▸ **TASK DIRECTIONS**
In the material below, count the lines with the word "proof" and state that number only.
(MATERIAL FOR THIS EXERCISE begins)
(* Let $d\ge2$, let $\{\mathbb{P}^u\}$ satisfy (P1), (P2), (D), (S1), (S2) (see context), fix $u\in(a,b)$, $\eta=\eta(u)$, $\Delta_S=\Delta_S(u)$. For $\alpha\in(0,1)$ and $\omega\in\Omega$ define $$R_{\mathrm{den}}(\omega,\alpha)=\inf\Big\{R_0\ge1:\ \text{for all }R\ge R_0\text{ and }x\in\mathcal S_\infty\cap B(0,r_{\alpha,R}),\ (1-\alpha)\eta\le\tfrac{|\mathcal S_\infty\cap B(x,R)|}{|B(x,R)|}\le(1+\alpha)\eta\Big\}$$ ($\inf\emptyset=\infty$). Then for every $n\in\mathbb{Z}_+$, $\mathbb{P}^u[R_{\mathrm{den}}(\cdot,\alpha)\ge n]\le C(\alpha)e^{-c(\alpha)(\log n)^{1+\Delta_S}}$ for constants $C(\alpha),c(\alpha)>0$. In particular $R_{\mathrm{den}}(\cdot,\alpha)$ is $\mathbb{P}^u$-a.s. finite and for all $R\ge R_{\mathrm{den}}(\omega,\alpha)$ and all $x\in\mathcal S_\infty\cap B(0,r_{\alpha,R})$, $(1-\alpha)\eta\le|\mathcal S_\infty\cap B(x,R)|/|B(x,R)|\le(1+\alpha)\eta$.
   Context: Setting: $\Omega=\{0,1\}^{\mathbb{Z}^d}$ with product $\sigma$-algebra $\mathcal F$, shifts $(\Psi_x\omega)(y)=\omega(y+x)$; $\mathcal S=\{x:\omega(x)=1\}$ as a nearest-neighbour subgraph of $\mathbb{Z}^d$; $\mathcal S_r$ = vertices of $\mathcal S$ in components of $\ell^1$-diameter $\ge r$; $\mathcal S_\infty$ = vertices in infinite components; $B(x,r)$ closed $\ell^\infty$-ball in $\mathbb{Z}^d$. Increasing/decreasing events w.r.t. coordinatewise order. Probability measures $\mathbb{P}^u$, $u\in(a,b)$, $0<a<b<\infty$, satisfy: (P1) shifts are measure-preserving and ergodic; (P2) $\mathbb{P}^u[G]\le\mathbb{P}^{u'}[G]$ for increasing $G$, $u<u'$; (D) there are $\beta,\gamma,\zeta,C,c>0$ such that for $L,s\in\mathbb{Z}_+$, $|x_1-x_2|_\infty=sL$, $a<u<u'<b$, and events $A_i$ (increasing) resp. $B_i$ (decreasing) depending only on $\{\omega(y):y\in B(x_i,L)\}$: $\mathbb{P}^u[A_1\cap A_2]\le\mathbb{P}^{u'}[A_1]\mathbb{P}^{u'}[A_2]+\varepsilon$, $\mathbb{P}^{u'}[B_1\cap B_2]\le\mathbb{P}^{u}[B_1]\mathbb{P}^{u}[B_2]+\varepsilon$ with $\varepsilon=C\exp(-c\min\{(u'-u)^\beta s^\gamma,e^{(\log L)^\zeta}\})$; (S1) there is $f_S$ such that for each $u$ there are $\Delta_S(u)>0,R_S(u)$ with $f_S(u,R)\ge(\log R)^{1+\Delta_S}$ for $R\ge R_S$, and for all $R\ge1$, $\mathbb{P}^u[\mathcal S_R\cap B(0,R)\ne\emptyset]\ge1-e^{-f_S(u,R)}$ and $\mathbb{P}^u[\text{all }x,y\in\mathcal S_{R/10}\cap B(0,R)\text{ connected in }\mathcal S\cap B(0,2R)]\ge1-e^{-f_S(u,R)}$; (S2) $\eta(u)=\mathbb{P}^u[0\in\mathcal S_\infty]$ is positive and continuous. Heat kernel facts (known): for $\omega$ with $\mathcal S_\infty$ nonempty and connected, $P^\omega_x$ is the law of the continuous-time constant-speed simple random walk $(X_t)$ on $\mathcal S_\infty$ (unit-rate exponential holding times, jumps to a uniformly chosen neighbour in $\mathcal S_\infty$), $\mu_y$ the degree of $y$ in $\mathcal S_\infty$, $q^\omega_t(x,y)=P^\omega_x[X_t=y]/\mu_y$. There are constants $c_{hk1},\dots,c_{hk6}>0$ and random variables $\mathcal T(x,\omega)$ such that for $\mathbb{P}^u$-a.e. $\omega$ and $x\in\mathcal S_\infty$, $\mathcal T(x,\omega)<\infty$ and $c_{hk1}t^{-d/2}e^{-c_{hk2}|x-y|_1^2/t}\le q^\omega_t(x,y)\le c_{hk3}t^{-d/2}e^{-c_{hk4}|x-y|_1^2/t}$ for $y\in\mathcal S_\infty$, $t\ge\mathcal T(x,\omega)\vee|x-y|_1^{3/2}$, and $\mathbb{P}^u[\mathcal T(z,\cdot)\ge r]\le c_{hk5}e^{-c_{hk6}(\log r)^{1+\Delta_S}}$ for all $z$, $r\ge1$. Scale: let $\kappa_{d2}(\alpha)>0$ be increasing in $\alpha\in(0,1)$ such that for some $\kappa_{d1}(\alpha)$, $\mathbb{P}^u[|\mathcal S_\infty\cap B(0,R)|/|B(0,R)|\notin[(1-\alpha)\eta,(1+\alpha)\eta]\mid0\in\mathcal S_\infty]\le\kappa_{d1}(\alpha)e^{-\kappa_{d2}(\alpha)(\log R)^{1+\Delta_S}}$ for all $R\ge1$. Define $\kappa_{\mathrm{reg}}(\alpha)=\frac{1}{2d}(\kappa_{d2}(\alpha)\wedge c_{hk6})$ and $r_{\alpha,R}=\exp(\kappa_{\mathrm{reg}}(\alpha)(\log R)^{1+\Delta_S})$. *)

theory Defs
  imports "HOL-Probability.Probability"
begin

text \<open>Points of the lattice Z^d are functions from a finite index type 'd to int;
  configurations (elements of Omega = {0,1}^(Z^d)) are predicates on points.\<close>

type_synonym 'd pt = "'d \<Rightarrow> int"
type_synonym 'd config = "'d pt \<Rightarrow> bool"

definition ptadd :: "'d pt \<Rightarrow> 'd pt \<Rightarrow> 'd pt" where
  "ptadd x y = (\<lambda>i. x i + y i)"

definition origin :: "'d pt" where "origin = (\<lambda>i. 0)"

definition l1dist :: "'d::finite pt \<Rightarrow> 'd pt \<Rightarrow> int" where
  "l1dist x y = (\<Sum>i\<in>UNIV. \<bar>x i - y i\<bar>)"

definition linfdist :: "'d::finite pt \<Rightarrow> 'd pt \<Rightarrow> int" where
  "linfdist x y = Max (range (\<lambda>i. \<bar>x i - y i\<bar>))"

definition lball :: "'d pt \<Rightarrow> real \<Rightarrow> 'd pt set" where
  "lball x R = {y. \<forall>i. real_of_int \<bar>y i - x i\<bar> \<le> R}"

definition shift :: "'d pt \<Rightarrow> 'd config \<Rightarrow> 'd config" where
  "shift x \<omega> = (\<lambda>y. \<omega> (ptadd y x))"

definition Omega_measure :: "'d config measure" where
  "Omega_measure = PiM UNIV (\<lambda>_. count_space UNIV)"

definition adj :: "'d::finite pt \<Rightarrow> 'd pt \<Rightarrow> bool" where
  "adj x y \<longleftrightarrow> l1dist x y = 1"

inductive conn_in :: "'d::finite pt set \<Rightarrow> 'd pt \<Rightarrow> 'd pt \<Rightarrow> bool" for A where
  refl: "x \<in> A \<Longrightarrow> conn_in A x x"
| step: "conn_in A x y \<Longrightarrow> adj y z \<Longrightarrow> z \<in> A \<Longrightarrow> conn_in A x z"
(MATERIAL FOR THIS EXERCISE ends)
(MATERIAL FOR THIS EXERCISE begins)
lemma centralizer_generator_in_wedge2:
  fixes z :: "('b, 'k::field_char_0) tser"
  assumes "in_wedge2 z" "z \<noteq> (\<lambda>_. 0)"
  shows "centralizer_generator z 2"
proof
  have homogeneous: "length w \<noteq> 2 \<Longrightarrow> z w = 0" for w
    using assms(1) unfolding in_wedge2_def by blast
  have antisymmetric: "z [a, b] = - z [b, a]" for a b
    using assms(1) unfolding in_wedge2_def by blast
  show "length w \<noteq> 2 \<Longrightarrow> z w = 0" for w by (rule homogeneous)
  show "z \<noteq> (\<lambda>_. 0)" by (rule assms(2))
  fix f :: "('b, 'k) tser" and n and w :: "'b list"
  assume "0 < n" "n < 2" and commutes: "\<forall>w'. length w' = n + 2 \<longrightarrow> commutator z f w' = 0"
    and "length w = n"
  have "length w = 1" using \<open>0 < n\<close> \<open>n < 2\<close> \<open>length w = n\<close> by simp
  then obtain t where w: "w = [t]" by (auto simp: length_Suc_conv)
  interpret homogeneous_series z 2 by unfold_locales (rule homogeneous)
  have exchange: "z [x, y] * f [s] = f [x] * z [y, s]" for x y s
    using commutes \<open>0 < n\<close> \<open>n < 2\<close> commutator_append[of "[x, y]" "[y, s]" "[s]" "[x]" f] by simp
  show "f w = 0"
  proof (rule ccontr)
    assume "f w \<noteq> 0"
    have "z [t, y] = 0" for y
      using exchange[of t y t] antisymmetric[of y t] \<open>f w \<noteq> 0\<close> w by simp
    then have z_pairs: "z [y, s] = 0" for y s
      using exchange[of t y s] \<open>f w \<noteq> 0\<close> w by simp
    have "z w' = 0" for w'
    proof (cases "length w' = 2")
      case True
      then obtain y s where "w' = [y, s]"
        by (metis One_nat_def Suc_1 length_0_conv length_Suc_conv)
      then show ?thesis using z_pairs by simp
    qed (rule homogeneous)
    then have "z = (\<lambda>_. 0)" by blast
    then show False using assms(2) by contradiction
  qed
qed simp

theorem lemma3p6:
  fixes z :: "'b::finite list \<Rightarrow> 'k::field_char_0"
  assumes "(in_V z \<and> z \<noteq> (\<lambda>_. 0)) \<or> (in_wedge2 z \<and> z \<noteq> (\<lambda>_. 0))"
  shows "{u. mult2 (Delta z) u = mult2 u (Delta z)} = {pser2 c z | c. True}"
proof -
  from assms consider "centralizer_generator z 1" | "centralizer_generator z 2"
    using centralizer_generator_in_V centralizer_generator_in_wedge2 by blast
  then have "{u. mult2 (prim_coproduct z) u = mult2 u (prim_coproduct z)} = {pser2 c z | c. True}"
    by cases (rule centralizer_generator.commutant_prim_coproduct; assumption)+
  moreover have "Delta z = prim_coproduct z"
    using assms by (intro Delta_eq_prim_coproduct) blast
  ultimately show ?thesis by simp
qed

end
(MATERIAL FOR THIS EXERCISE ends)
▸ **SOLUTION BELOW**
4